## ACTIVITY:
Could you return every line of the material that contains the word "rule"?

## RECORDS PROVIDED:
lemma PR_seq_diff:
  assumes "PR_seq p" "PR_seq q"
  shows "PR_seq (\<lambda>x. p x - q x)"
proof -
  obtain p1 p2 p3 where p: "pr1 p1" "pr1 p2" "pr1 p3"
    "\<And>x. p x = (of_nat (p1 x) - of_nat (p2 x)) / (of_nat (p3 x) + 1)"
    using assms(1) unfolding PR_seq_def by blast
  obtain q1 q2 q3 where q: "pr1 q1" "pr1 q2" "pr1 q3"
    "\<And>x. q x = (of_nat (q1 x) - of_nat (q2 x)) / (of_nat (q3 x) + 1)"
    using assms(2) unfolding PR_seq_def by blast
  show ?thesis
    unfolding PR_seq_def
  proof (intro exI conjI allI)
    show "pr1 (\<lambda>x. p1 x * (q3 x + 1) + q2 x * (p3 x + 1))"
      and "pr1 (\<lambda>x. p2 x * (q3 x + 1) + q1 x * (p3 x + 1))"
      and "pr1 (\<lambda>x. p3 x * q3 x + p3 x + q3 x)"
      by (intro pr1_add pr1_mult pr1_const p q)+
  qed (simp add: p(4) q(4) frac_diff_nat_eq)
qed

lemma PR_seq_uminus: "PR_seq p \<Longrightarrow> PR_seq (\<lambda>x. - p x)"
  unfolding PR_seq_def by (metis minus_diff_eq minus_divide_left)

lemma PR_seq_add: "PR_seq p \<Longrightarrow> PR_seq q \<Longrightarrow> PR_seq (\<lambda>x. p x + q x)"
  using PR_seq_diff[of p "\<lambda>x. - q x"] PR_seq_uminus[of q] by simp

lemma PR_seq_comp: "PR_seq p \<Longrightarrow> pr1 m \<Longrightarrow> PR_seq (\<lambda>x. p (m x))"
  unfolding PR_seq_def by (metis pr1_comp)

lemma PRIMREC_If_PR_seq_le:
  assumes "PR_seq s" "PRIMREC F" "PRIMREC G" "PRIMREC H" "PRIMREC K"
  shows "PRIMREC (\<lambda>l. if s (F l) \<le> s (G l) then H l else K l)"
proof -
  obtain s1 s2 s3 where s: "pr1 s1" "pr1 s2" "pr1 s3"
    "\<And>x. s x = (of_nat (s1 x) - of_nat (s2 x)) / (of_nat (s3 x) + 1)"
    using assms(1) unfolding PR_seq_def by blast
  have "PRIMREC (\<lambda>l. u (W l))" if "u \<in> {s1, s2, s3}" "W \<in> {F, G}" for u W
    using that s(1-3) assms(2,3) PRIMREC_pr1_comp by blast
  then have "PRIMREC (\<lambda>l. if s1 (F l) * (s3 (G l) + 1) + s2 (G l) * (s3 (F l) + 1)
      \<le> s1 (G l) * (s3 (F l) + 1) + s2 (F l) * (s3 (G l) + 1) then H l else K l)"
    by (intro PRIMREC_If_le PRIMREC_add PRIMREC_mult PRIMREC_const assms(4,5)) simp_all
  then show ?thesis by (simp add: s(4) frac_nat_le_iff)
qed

* * *

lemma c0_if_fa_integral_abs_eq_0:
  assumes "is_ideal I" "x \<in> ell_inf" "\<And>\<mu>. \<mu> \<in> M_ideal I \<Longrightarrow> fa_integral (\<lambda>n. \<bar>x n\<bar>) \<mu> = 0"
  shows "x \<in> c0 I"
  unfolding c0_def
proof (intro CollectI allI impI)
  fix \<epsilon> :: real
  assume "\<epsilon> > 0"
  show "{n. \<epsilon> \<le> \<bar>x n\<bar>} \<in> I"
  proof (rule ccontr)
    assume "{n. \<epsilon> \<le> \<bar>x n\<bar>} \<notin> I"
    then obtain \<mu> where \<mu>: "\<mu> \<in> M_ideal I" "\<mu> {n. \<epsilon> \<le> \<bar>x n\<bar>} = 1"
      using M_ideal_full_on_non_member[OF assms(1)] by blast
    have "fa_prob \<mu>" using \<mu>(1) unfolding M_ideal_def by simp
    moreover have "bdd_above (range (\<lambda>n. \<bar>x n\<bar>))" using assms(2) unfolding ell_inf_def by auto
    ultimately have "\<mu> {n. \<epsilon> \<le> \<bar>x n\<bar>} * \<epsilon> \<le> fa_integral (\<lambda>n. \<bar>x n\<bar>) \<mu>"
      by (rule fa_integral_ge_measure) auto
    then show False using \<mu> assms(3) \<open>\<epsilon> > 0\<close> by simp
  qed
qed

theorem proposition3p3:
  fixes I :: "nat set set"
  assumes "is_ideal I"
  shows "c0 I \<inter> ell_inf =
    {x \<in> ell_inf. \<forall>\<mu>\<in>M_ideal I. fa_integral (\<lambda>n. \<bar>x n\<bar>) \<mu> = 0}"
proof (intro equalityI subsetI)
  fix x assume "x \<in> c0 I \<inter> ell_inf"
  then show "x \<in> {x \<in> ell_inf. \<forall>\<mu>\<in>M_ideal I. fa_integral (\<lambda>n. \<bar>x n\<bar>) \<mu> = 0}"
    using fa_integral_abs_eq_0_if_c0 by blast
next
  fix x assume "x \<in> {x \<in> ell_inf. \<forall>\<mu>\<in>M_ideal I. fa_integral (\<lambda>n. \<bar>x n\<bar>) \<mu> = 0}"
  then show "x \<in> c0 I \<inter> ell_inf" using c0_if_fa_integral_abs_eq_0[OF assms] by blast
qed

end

## EXERCISE SOLUTION:
  proof (rule ccontr)
      by (rule fa_integral_ge_measure) auto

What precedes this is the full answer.